The ability of cells to form colonies is crucial. The number of colonies was therefore counted 7 days after exposure to 10 µM of drugs that were selected after the cell viability analyses (Figure 3). We found that exposure to compounds 2d, 2g and 4b significantly diminished the number of clones per field as compared to cells from the control group (p < 0.01), indicating the importance of further preclinical investigations.

2.2.2. Protein Analysis

Based on the results obtained by the clonogenic assay, further analyses were conducted for compounds 2d, 2g and 4b at three different concentrations (1–100 µM) in order to understand their possible roles in regulating protein levels including cleaved caspase 3, cleaved PARP, Bax and Bcl2, which are responsible for cell death. Results from the Western blot analysis showed that the treatment of SH-SY5Y cells with different concentrations of the selected compounds for 72 h upregulated some apoptotic proteins such as Bax, cleaved caspase-3 and cleaved PARP-1.

The balance between Bax and bcl-2 controls cell apoptosis. As shown in Figure 4, increases in Bax protein levels in cells treated at higher concentrations were accompanied by concomitant decreases of Bcl-2 protein expression when compared to the control group (Figure 4, p < 0.05), suggesting that the selected compounds have a regulatory potential for apoptosis by controlling the induction of mitochondrial dysfunction.

The activation of effector caspases, particularly caspase 3, plays an important role in the actual execution of apoptosis [32,33]. In our study, the results showed that these compounds have the potential to regulate activation of the caspase 3 enzyme in a dose-dependent manner. The exposure of SH-SY5Y cells to compounds (2d, 2g and 4b), at 10 µM enhanced caspase-3 cleavage by 3.12, 4.62 and 3.79 fold, respectively (Figure 5) compared to the control group, thereby initiating the intrinsic apoptotic cascade.

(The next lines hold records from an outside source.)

(* Let $f$ be a good piecewise expanding $C^1$ unimodal map. Suppose $(f_n)$ is a sequence of piecewise expanding $C^1$ unimodal maps with $|f_n-f|_1\to0$, and $v_n,v\in\mathcal B^0(I)$ satisfy $|v_n-v|_0\to0$ and $J(f_n,v_n)=0$ for all $n$. Then $J(f,v)=0$.
   Context: Let $I=[-1,1]$ and $c=0$. For $k\ge0$, $\mathcal B^k(I)$ is the Banach space of continuous $f:I\to\mathbb R$ that are $C^k$ on $[-1,0]$ and on $[0,1]$ with $f(1)=f(-1)$, normed by $|f|_k=\max\{|f|_{C^k[-1,0]},|f|_{C^k[0,1]}\}$, $|f|_{C^k(Q)}=\max_{0\le i\le k}\sup_Q|D^if|$. A piecewise expanding $C^1$ unimodal map is an $f\in\mathcal B^1(I)$ with $f(-1)=f(1)=-1$, $\inf_{x\in[-1,0]}Df(x)>1$, $\sup_{x\in[0,1]}Df(x)<-1$ and $f(0)\le1$. Such $f$ is good if either $c$ is not periodic, or $c$ has prime period $p\ge2$ and $|Df^{p-1}(f(c))|\min\{|Df^+(c)|,|Df^-(c)|\}>2$ ($Df^\pm(c)$ one-sided derivatives at $c$). For bounded $v:I\to\mathbb R$: if $c$ is not periodic for $f$, $J(f,v)=\sum_{i=0}^\infty \frac{v(f^i(c))}{Df^i(f(c))}$; if $c$ has prime period $p$, $J(f,v)=\sum_{i=0}^{p-1}\frac{v(f^i(c))}{Df^i(f(c))}$. *)

theory Defs
  imports "HOL-Analysis.Analysis"
begin

text \<open>I = [-1,1], c = 0. Left piece Q_L = [-1,0], right piece Q_R = [0,1].
  Iterated one-sided derivatives of the restriction of f to a piece Q.\<close>

fun pD :: "real set \<Rightarrow> nat \<Rightarrow> (real \<Rightarrow> real) \<Rightarrow> real \<Rightarrow> real" where
  "pD Q 0 f = f"
| "pD Q (Suc i) f = (\<lambda>x. vector_derivative (pD Q i f) (at x within Q))"

definition Ck_on :: "nat \<Rightarrow> real set \<Rightarrow> (real \<Rightarrow> real) \<Rightarrow> bool" where
  "Ck_on k Q f \<longleftrightarrow>
     (\<forall>i<k. \<forall>x\<in>Q. (pD Q i f has_real_derivative pD Q (Suc i) f x) (at x within Q))
     \<and> continuous_on Q (pD Q k f)"

definition Bk :: "nat \<Rightarrow> (real \<Rightarrow> real) \<Rightarrow> bool" where
  "Bk k f \<longleftrightarrow> continuous_on {-1..1} f \<and> Ck_on k {-1..0} f \<and> Ck_on k {0..1} f
     \<and> f 1 = f (-1)"

definition Cnorm :: "nat \<Rightarrow> real set \<Rightarrow> (real \<Rightarrow> real) \<Rightarrow> real" where
  "Cnorm k Q f = Max ((\<lambda>i. SUP x\<in>Q. \<bar>pD Q i f x\<bar>) ` {..k})"

definition Bnorm :: "nat \<Rightarrow> (real \<Rightarrow> real) \<Rightarrow> real" where
  "Bnorm k f = max (Cnorm k {-1..0} f) (Cnorm k {0..1} f)"

definition pw_expanding_unimodal :: "(real \<Rightarrow> real) \<Rightarrow> bool" where
  "pw_expanding_unimodal f \<longleftrightarrow> Bk 1 f \<and> f (-1) = -1 \<and> f 1 = -1
     \<and> (INF x\<in>{-1..0}. pD {-1..0} 1 f x) > 1
     \<and> (SUP x\<in>{0..1}. pD {0..1} 1 f x) < -1
     \<and> f 0 \<le> 1"

text \<open>Derivative of f away from c = 0 (the value at 0 is never used below).\<close>
definition Df :: "(real \<Rightarrow> real) \<Rightarrow> real \<Rightarrow> real" where
  "Df f x = (if x \<le> 0 then pD {-1..0} 1 f x else pD {0..1} 1 f x)"

text \<open>Df^i(y) = product of Df along the first i points of the orbit of y (chain rule).\<close>
definition Dfn :: "(real \<Rightarrow> real) \<Rightarrow> nat \<Rightarrow> real \<Rightarrow> real" where
  "Dfn f i y = (\<Prod>j<i. Df f ((f ^^ j) y))"

definition c_periodic :: "(real \<Rightarrow> real) \<Rightarrow> bool" where
  "c_periodic f \<longleftrightarrow> (\<exists>p\<ge>1. (f ^^ p) 0 = 0)"

definition c_period :: "(real \<Rightarrow> real) \<Rightarrow> nat" where
  "c_period f = (LEAST p. p \<ge> 1 \<and> (f ^^ p) 0 = 0)"

definition good :: "(real \<Rightarrow> real) \<Rightarrow> bool" where
  "good f \<longleftrightarrow> pw_expanding_unimodal f \<and>
     (\<not> c_periodic f \<or>
      (c_period f \<ge> 2 \<and>
       \<bar>Dfn f (c_period f - 1) (f 0)\<bar> * min \<bar>pD {0..1} 1 f 0\<bar> \<bar>pD {-1..0} 1 f 0\<bar> > 2))"

definition J :: "(real \<Rightarrow> real) \<Rightarrow> (real \<Rightarrow> real) \<Rightarrow> real" where
  "J f v = (if c_periodic f
            then (\<Sum>i<c_period f. v ((f ^^ i) 0) / Dfn f i (f 0))
            else (\<Sum>i. v ((f ^^ i) 0) / Dfn f i (f 0)))"

end

theory Submission
  imports Defs
begin

(* Uniform expansion makes the tail of the series J(g,w) beyond index K smaller than a constant
   times lambda^(-K), uniformly for all maps close to f, while each single term depends
   continuously on (g,w) as long as the orbit of c stays away from c, where Df jumps.
   If c is not periodic for f, the first N terms of J(f_n,v_n) converge to those of J(f,v),
   so |J(f,v)| is bounded by a multiple of lambda^(-N) for every N.
   If c has period p for f, the orbit of c for f_n follows that of f through many periods, and
   grouping the terms of J(f_n,v_n) into blocks of length p shows that J(f_n,v_n) is close to
   J(f,v) * sum_m 1/E_m, where E_m is the derivative along m periods. Goodness of f says that
   E_m grows at least like rho^m with rho > 2, which keeps sum_m 1/E_m away from 0; hence
   J(f,v) = 0. *)

lemma Ck_on_1_has_real_derivative:
  "Ck_on 1 Q g \<Longrightarrow> x \<in> Q \<Longrightarrow> (g has_real_derivative pD Q 1 g x) (at x within Q)"
  unfolding Ck_on_def by (metis One_nat_def less_one pD.simps(1))

lemma Ck_on_continuous_on: "Ck_on k Q g \<Longrightarrow> continuous_on Q (pD Q k g)"
  unfolding Ck_on_def by blast

lemma continuous_on_Icc_bdd:
  fixes h :: "real \<Rightarrow> real"
  assumes "continuous_on {a..b} h"
  shows "bdd_above (h ` {a..b})" "bdd_below (h ` {a..b})"
  using compact_continuous_image[OF assms] compact_Icc
  by (auto intro: bounded_imp_bdd_above bounded_imp_bdd_below compact_imp_bounded)

lemma pw_expanding_unimodalD:
  assumes "pw_expanding_unimodal g"
  shows "continuous_on {-1..1} g" "Ck_on 1 {-1..0} g" "Ck_on 1 {0..1} g"
    "g (-1) = -1" "g 1 = -1" "g 0 \<le> 1"
  using assms unfolding pw_expanding_unimodal_def Bk_def by auto

lemma pw_expanding_unimodal_slopes:
  assumes "pw_expanding_unimodal g"
  obtains lam where "1 < lam"
    "\<And>x. x \<in> {-1..0} \<Longrightarrow> lam \<le> pD {-1..0} 1 g x"
    "\<And>x. x \<in> {0..1} \<Longrightarrow> pD {0..1} 1 g x \<le> - lam"
proof
  let ?a = "INF x\<in>{-1..0}. pD {-1..0} 1 g x" and ?b = "SUP x\<in>{0..1}. pD {0..1} 1 g x"
  have "1 < ?a" "?b < -1" using assms unfolding pw_expanding_unimodal_def by auto
  then show "1 < min ?a (- ?b)" by simp
  show "min ?a (- ?b) \<le> pD {-1..0} 1 g x" if "x \<in> {-1..0}" for x
    using continuous_on_Icc_bdd(2)[OF Ck_on_continuous_on[OF pw_expanding_unimodalD(2)[OF assms]]] that
    by (intro min.coboundedI1 cINF_lower) auto
  show "pD {0..1} 1 g x \<le> - min ?a (- ?b)" if "x \<in> {0..1}" for x
  proof -
    have "pD {0..1} 1 g x \<le> ?b"
      using continuous_on_Icc_bdd(1)[OF Ck_on_continuous_on[OF pw_expanding_unimodalD(3)[OF assms]]] that
      by (intro cSUP_upper) auto
    then show ?thesis by linarith
  qed
qed

lemma pw_expanding_unimodal_abs_Df_ge:
  assumes "pw_expanding_unimodal g"
  obtains lam where "1 < lam" "\<And>x. x \<in> {-1..1} \<Longrightarrow> lam \<le> \<bar>Df g x\<bar>"
proof -
  obtain lam where lam: "1 < lam"
    "\<And>x. x \<in> {-1..0} \<Longrightarrow> lam \<le> pD {-1..0} 1 g x"
    "\<And>x. x \<in> {0..1} \<Longrightarrow> pD {0..1} 1 g x \<le> - lam"
    using pw_expanding_unimodal_slopes[OF assms] by blast
  have "lam \<le> \<bar>Df g x\<bar>" if "x \<in> {-1..1}" for x
    using lam(2)[of x] lam(3)[of x] lam(1) that unfolding Df_def by (auto split: if_splits)
  with lam(1) show thesis by (rule that)
qed

lemma pw_expanding_unimodal_maps_into:
  assumes "pw_expanding_unimodal g" "x \<in> {-1..1}"
  shows "g x \<in> {-1..1}"
proof -
  note g = pw_expanding_unimodalD[OF assms(1)]
  obtain lam where lam: "1 < lam"
    "\<And>x. x \<in> {-1..0} \<Longrightarrow> lam \<le> pD {-1..0} 1 g x"
    "\<And>x. x \<in> {0..1} \<Longrightarrow> pD {0..1} 1 g x \<le> - lam"
    using pw_expanding_unimodal_slopes[OF assms(1)] by blast
  have increasing: "\<exists>y. DERIV g z :> y \<and> 0 \<le> y" if "-1 < z" "z < 0" for z
    using Ck_on_1_has_real_derivative[OF g(2), of z] at_within_Icc_at[OF that] lam(1) lam(2)[of z] that
    by (intro exI[of _ "pD {-1..0} 1 g z"]) auto
  have decreasing: "\<exists>y. DERIV g z :> y \<and> y \<le> 0" if "0 < z" "z < 1" for z
    using Ck_on_1_has_real_derivative[OF g(3), of z] at_within_Icc_at[OF that] lam(1) lam(3)[of z] that
    by (intro exI[of _ "pD {0..1} 1 g z"]) auto
  have cont: "continuous_on {a..b} g" if "-1 \<le> a" "b \<le> 1" for a b
    using continuous_on_subset[OF g(1)] that by auto
  show ?thesis
  proof (cases "x \<le> 0")
    case True
    then have "g (-1) \<le> g x" "g x \<le> g 0"
      using DERIV_nonneg_imp_increasing_open[of "-1" x g] DERIV_nonneg_imp_increasing_open[of x 0 g]
        increasing cont assms(2) by auto
    then show ?thesis using g by auto
  next
    case False
    then have "g 1 \<le> g x" "g x \<le> g 0"
      using DERIV_nonpos_imp_decreasing_open[of x 1 g] DERIV_nonpos_imp_decreasing_open[of 0 x g]
        decreasing cont assms(2) by auto
    then show ?thesis using g by auto
  qed
qed

definition critical_orbit :: "(real \<Rightarrow> real) \<Rightarrow> nat \<Rightarrow> real" where
  "critical_orbit g i = (g ^^ i) 0"

lemma critical_orbit_0 [simp]: "critical_orbit g 0 = 0"
  by (simp add: critical_orbit_def)

lemma critical_orbit_Suc: "critical_orbit g (Suc i) = g (critical_orbit g i)"
  by (simp add: critical_orbit_def)

lemma critical_orbit_in_I:
  assumes "pw_expanding_unimodal g"
  shows "critical_orbit g i \<in> {-1..1}"
proof (induction i)
  case (Suc i)
  then show ?case
    unfolding critical_orbit_Suc by (rule pw_expanding_unimodal_maps_into[OF assms])
qed simp

lemma critical_orbit_periodic:
  assumes "critical_orbit g p = 0"
  shows "critical_orbit g (m * p + r) = critical_orbit g r"
proof -
  have "(g ^^ (m * p)) 0 = 0"
    using assms by (induction m) (simp_all add: critical_orbit_def funpow_add)
  then show ?thesis
    by (simp add: critical_orbit_def funpow_add add.commute)
qed

lemma c_period_props:
  assumes "c_periodic g"
  shows "1 \<le> c_period g" "critical_orbit g (c_period g) = 0"
    "\<And>i. 1 \<le> i \<Longrightarrow> i < c_period g \<Longrightarrow> critical_orbit g i \<noteq> 0"
proof -
  have ex: "\<exists>p. 1 \<le> p \<and> (g ^^ p) 0 = 0" using assms unfolding c_periodic_def by auto
  show "1 \<le> c_period g" "critical_orbit g (c_period g) = 0"
    using LeastI_ex[OF ex] unfolding c_period_def critical_orbit_def by auto
  show "\<And>i. 1 \<le> i \<Longrightarrow> i < c_period g \<Longrightarrow> critical_orbit g i \<noteq> 0"
    using not_less_Least unfolding c_period_def critical_orbit_def by blast
qed

lemma critical_orbit_nonzero_off_multiples:
  assumes "c_periodic g" "\<not> c_period g dvd i"
  shows "critical_orbit g i \<noteq> 0"
proof -
  let ?p = "c_period g"
  have "critical_orbit g i = critical_orbit g (i div ?p * ?p + i mod ?p)" by simp
  also have "\<dots> = critical_orbit g (i mod ?p)"
    using c_period_props(2)[OF assms(1)] by (rule critical_orbit_periodic)
  finally show ?thesis
    using c_period_props(1)[OF assms(1)] c_period_props(3)[OF assms(1), of "i mod ?p"] assms(2)
    by (simp add: dvd_eq_mod_eq_0)
qed

lemma c_period_ge_if_orbit_nonzero:
  assumes "\<And>i. 1 \<le> i \<Longrightarrow> i < N \<Longrightarrow> critical_orbit g i \<noteq> 0"
  shows "\<not> c_periodic g \<or> N \<le> c_period g"
  using assms c_period_props(1,2) not_le by blast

One of several known cellular substrates of caspases is PARP-1. It is known that PARP-1 is involved in the prevention of DNA degradation and resistance to apoptosis. In recent studies, increased PARP-1 expression was shown to be associated with higher neuroblastoma stage and poor overall survival [34]. Thus, PARP-1 inhibitors are evaluated clinically for the treatment of brain tumors. However, the cleavage of PARP-1 by caspases is considered to be a hallmark of apoptosis [35] and caspase 3 is primarily responsible for the cleavage of this enzyme during programmed cell death [36]. In our study, the treatment of SH-SY5Y cells with compounds 2d, 2g and 4b at lower concentrations also led to the cleavage of PARP-1 when compared to the control group (Figure 5). Our data clearly indicated that the compounds activated the intrinsic caspase cascade leading to caspase-3 activation that resulted in PARP-1 cleavage in the neuroblastoma cell line. With these Western Blot analyses, we addressed the question of whether the compounds in question can induce apoptotic cell death.

Despite recent improvements in patient risk stratification and genetic profiling, neuroblastoma remains the most lethal extracranial solid tumor in children. The combination of chemotherapeutic drugs including cisplatin, doxorubicin, cyclophosphamide and vincristine results in therapeutic failure because of chemoresistance [37]. Therefore, any alternatives with therapeutic potential should be studied in detail. In the present study, the in vitro proapoptotic and antiproliferative activities of these selected compounds are promising for further structural modifications and may provide a useful template for the design of new antitumoral agents.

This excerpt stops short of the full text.